The relations tab is also quite useful, identifying subject, action (predicate), and object. There are your triples. RDF and semantic web for the win.
Where To Use This
This can be used anywhere there is a need for those squiggly little shapes we call letters. From blog posts to resource centers to brochure pages. Last week I wrote on ISOOSI about mission marketing. I think it works in that marketing approach as well. We do a lot of eCommerce at Greenlane, so we’ve gone so far as to try to beef up category pages this way as well. If you’ve ever heard me talk about SEOing a vending machine, I think this is one great way to go about it. Granted, a somewhat unorthodox and harder sell, but there’s a little valid argument against it. This will help you create a complimentary experience to a page that otherwise typically just serves to act on people’s transactional search with disregard for informational searches.

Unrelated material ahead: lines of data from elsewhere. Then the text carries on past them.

lemma sum_list_map_variable_list:
  "sum_list (map g (variable_list \<alpha> m)) = (\<Sum>i<m. of_nat (Poly_Mapping.lookup \<alpha> i) * (g i :: 'a::comm_ring_1))"
  by (induction m) (auto simp: variable_list_def sum_list_replicate)

lemma prod_list_map_variable_list:
  "prod_list (map g (variable_list \<alpha> m)) = (\<Prod>i<m. (g i :: 'a::comm_ring_1) ^ Poly_Mapping.lookup \<alpha> i)"
  by (induction m) (auto simp: variable_list_def)

lemma length_variable_list: "length (variable_list \<alpha> m) = (\<Sum>i<m. Poly_Mapping.lookup \<alpha> i)"
  by (induction m) (auto simp: variable_list_def)

lemma set_variable_list_subset: "set (variable_list \<alpha> m) \<subseteq> {..<m}"
  by (auto simp: variable_list_def)

lemma sum_single_lookup:
  fixes \<alpha> :: "'a \<Rightarrow>\<^sub>0 'b::comm_monoid_add"
  assumes "Poly_Mapping.keys \<alpha> \<subseteq> A" "finite A"
  shows "(\<Sum>i\<in>A. Poly_Mapping.single i (Poly_Mapping.lookup \<alpha> i)) = \<alpha>"
proof (rule poly_mapping_eqI)
  fix k
  have "Poly_Mapping.lookup (\<Sum>i\<in>A. Poly_Mapping.single i (Poly_Mapping.lookup \<alpha> i)) k
      = (\<Sum>i\<in>A. if i = k then Poly_Mapping.lookup \<alpha> i else 0)"
    by (simp add: lookup_sum lookup_single when_def)
  also have "\<dots> = Poly_Mapping.lookup \<alpha> k"
    using assms by (auto simp: sum.delta' in_keys_iff)
  finally show "Poly_Mapping.lookup (\<Sum>i\<in>A. Poly_Mapping.single i (Poly_Mapping.lookup \<alpha> i)) k
      = Poly_Mapping.lookup \<alpha> k" .
qed

lemma deg_mon_eq_sum_lessThan:
  "Poly_Mapping.keys \<alpha> \<subseteq> {..<n} \<Longrightarrow> deg_mon \<alpha> = (\<Sum>i<n. Poly_Mapping.lookup \<alpha> i)"
  unfolding deg_mon_def by (rule sum.mono_neutral_left) (auto simp: in_keys_iff)

text \<open>Hurwitz's inequality applied to \<open>\<alpha>\<^sub>i\<close> copies of \<open>t\<^sub>i X\<^sub>i\<close> for each \<open>i\<close>.\<close>

lemma SOBS_diagonal_plus_monom:
  assumes keys: "Poly_Mapping.keys \<alpha> \<subseteq> {..<n}" and deg: "deg_mon \<alpha> = 2 * d" and \<sigma>: "\<sigma> * \<sigma> = 1"
  shows "SOBS n ((\<Sum>i<n. monom (Poly_Mapping.single i (2 * d)) (real (Poly_Mapping.lookup \<alpha> i) * t i ^ (2 * d)))
            + monom \<alpha> (\<sigma> * real (2 * d) * (\<Prod>i<n. t i ^ Poly_Mapping.lookup \<alpha> i)))"
proof -
  define Ps where "Ps = map (\<lambda>i. monom (Poly_Mapping.single i 1) (t i)) (variable_list \<alpha> n)"
  have len: "length Ps = 2 * d"
    unfolding Ps_def using length_variable_list deg deg_mon_eq_sum_lessThan[OF keys] by simp
  have "is_monom n (monom (Poly_Mapping.single i 1) c)" if "i < n" for i c
    unfolding is_monom_def using that by (intro exI[of _ "Poly_Mapping.single i 1"]) auto
  then have "\<forall>P\<in>set Ps. is_monom n P"
    using set_variable_list_subset[of \<alpha> n] unfolding Ps_def by auto
  then have "SOBS n (sum_list (map (\<lambda>P. P ^ (2 * d)) (take d Ps @ drop d Ps))
                     + monom 0 (\<sigma> * real (2 * d)) * prod_list (take d Ps @ drop d Ps))"
    using len by (intro SOBS_hurwitz[OF _ _ _ _ \<sigma>]) (auto dest: in_set_takeD in_set_dropD)
  then have hurwitz: "SOBS n (sum_list (map (\<lambda>P. P ^ (2 * d)) Ps) + monom 0 (\<sigma> * real (2 * d)) * prod_list Ps)"
    by (simp only: append_take_drop_id)
  have "sum_list (map (\<lambda>P. P ^ (2 * d)) Ps)
      = (\<Sum>i<n. monom (Poly_Mapping.single i (2 * d)) (real (Poly_Mapping.lookup \<alpha> i) * t i ^ (2 * d)))"
    unfolding Ps_def map_map o_def sum_list_map_variable_list monom_single_power of_nat_eq_monom
    by (simp add: monom_mult)
  moreover have "monom 0 (\<sigma> * real (2 * d)) * prod_list Ps
      = monom \<alpha> (\<sigma> * real (2 * d) * (\<Prod>i<n. t i ^ Poly_Mapping.lookup \<alpha> i))"
    unfolding Ps_def prod_list_map_variable_list monom_single_power monom_prod[OF finite_lessThan]
    using sum_single_lookup[OF keys] by (simp add: monom_mult)
  ultimately show ?thesis using hurwitz by (simp only:)
qed

text \<open>The share of the diagonal coefficient \<open>f\<^sub>2\<^sub>d\<^sub>,\<^sub>i\<close> that is spent on the term \<open>a X\<^sup>\<beta>\<close>; its sum
  over \<open>\<beta> \<in> \<Delta>\<close> is the right-hand side of the hypothesis of the theorem.\<close>

definition cover_coeff :: "nat \<Rightarrow> (nat \<Rightarrow>\<^sub>0 nat) \<Rightarrow> real \<Rightarrow> nat \<Rightarrow> real" where
  "cover_coeff d \<beta> a i =
     (if Poly_Mapping.lookup \<beta> i \<noteq> 0
      then real (Poly_Mapping.lookup \<beta> i) * (\<bar>a\<bar> / real (2 * d))
             powr (real (2 * d) / (real (Poly_Mapping.lookup \<beta> i) * real (card (Poly_Mapping.keys \<beta>))))
      else 0)"

lemma SOBS_cover_coeff_plus_monom:
  assumes keys: "Poly_Mapping.keys \<beta> \<subseteq> {..<n}" and deg: "deg_mon \<beta> = 2 * d"
    and "d \<ge> 1" and "a \<noteq> 0"
  shows "SOBS n ((\<Sum>i<n. monom (Poly_Mapping.single i (2 * d)) (cover_coeff d \<beta> a i)) + monom \<beta> a)"
proof -
  define x where "x = \<bar>a\<bar> / real (2 * d)"
  define N where "N = card (Poly_Mapping.keys \<beta>)"
  define t where "t i = (if Poly_Mapping.lookup \<beta> i \<noteq> 0
                         then x powr (1 / (real (Poly_Mapping.lookup \<beta> i) * real N)) else 1)" for i
  have x: "x > 0" unfolding x_def using assms by auto
  have "Poly_Mapping.keys \<beta> \<noteq> {}"
    using deg assms(3) unfolding deg_mon_def by auto
  then have N: "N \<ge> 1" unfolding N_def by (simp add: Suc_le_eq card_gt_0_iff)
  have coeff: "real (Poly_Mapping.lookup \<beta> i) * t i ^ (2 * d) = cover_coeff d \<beta> a i" for i
    unfolding t_def cover_coeff_def x_def[symmetric] N_def[symmetric]
    using x by (auto simp: powr_power)
  have "(\<Prod>i<n. t i ^ Poly_Mapping.lookup \<beta> i) = (\<Prod>i\<in>Poly_Mapping.keys \<beta>. t i ^ Poly_Mapping.lookup \<beta> i)"
    using keys by (intro prod.mono_neutral_right) (auto simp: in_keys_iff)
  also have "\<dots> = (\<Prod>i\<in>Poly_Mapping.keys \<beta>. x powr (1 / real N))"
    using x by (intro prod.cong) (auto simp: t_def in_keys_iff powr_power)
  also have "\<dots> = (x powr (1 / real N)) ^ N" by (simp add: N_def)
  also have "\<dots> = x" using x N by (simp add: powr_power)
  finally have prod: "(\<Prod>i<n. t i ^ Poly_Mapping.lookup \<beta> i) = x" .
  have sign: "sgn a * real (2 * d) * x = a"
    unfolding x_def using assms(3) by (simp add: sgn_mult_abs)
  show ?thesis
    using SOBS_diagonal_plus_monom[OF keys deg, of "sgn a" t] assms(4)
    unfolding coeff prod sign by (simp add: sgn_if)
qed

lemma SOBS_monom_even_exponents:
  assumes "c \<ge> 0" "Poly_Mapping.keys \<beta> \<subseteq> {..<n}" "\<forall>i. even (Poly_Mapping.lookup \<beta> i)"
  shows "SOBS n (monom \<beta> c)"
proof -
  define \<gamma> where "\<gamma> = Poly_Mapping.mapp (\<lambda>_ k. k div 2) \<beta>"
  have "Poly_Mapping.keys \<gamma> \<subseteq> {..<n}"
    using keys_mapp_subset assms(2) unfolding \<gamma>_def by (rule order_trans)
  then have "SOBS n (monom (\<gamma> + \<gamma>) c)"
    by (rule SOBS_monom_double[OF assms(1)])
  moreover have "\<gamma> + \<gamma> = \<beta>"
  proof (rule poly_mapping_eqI)
    fix k
    obtain b where "Poly_Mapping.lookup \<beta> k = 2 * b"
      using assms(3) by blast
    then show "Poly_Mapping.lookup (\<gamma> + \<gamma>) k = Poly_Mapping.lookup \<beta> k"
      by (simp add: \<gamma>_def lookup_add lookup_mapp when_def in_keys_iff)
  qed
  ultimately show ?thesis by simp
qed

lemma poly_eq_sum_monom: "f = (\<Sum>\<beta>\<in>Poly_Mapping.keys f. monom \<beta> (Poly_Mapping.lookup f \<beta>))"
  unfolding monom_def by (rule sum_single_lookup[symmetric]) auto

Hell, everything I wrote about so far in this post went into the creation of this post, in which some of the concepts were really built by visiting alchemy API more than a few times.
As SEOs, we’re still at the very early stages of understanding all this. Things may change drastically, better or worse. We’ve all gone down the “authorship” path and came up empty. But that’s what makes our industry so great – we have a passion for riding the first wave and being early adopters. When our work hits, it hits big. I see absolutely no downside to learning more about topic modeling and semantic search or spending extra time doing some concept discovery. If it does nothing for your SEO, it will at least ameliorate your copy and give your users more quality and value. That can only benefit your marketing goals.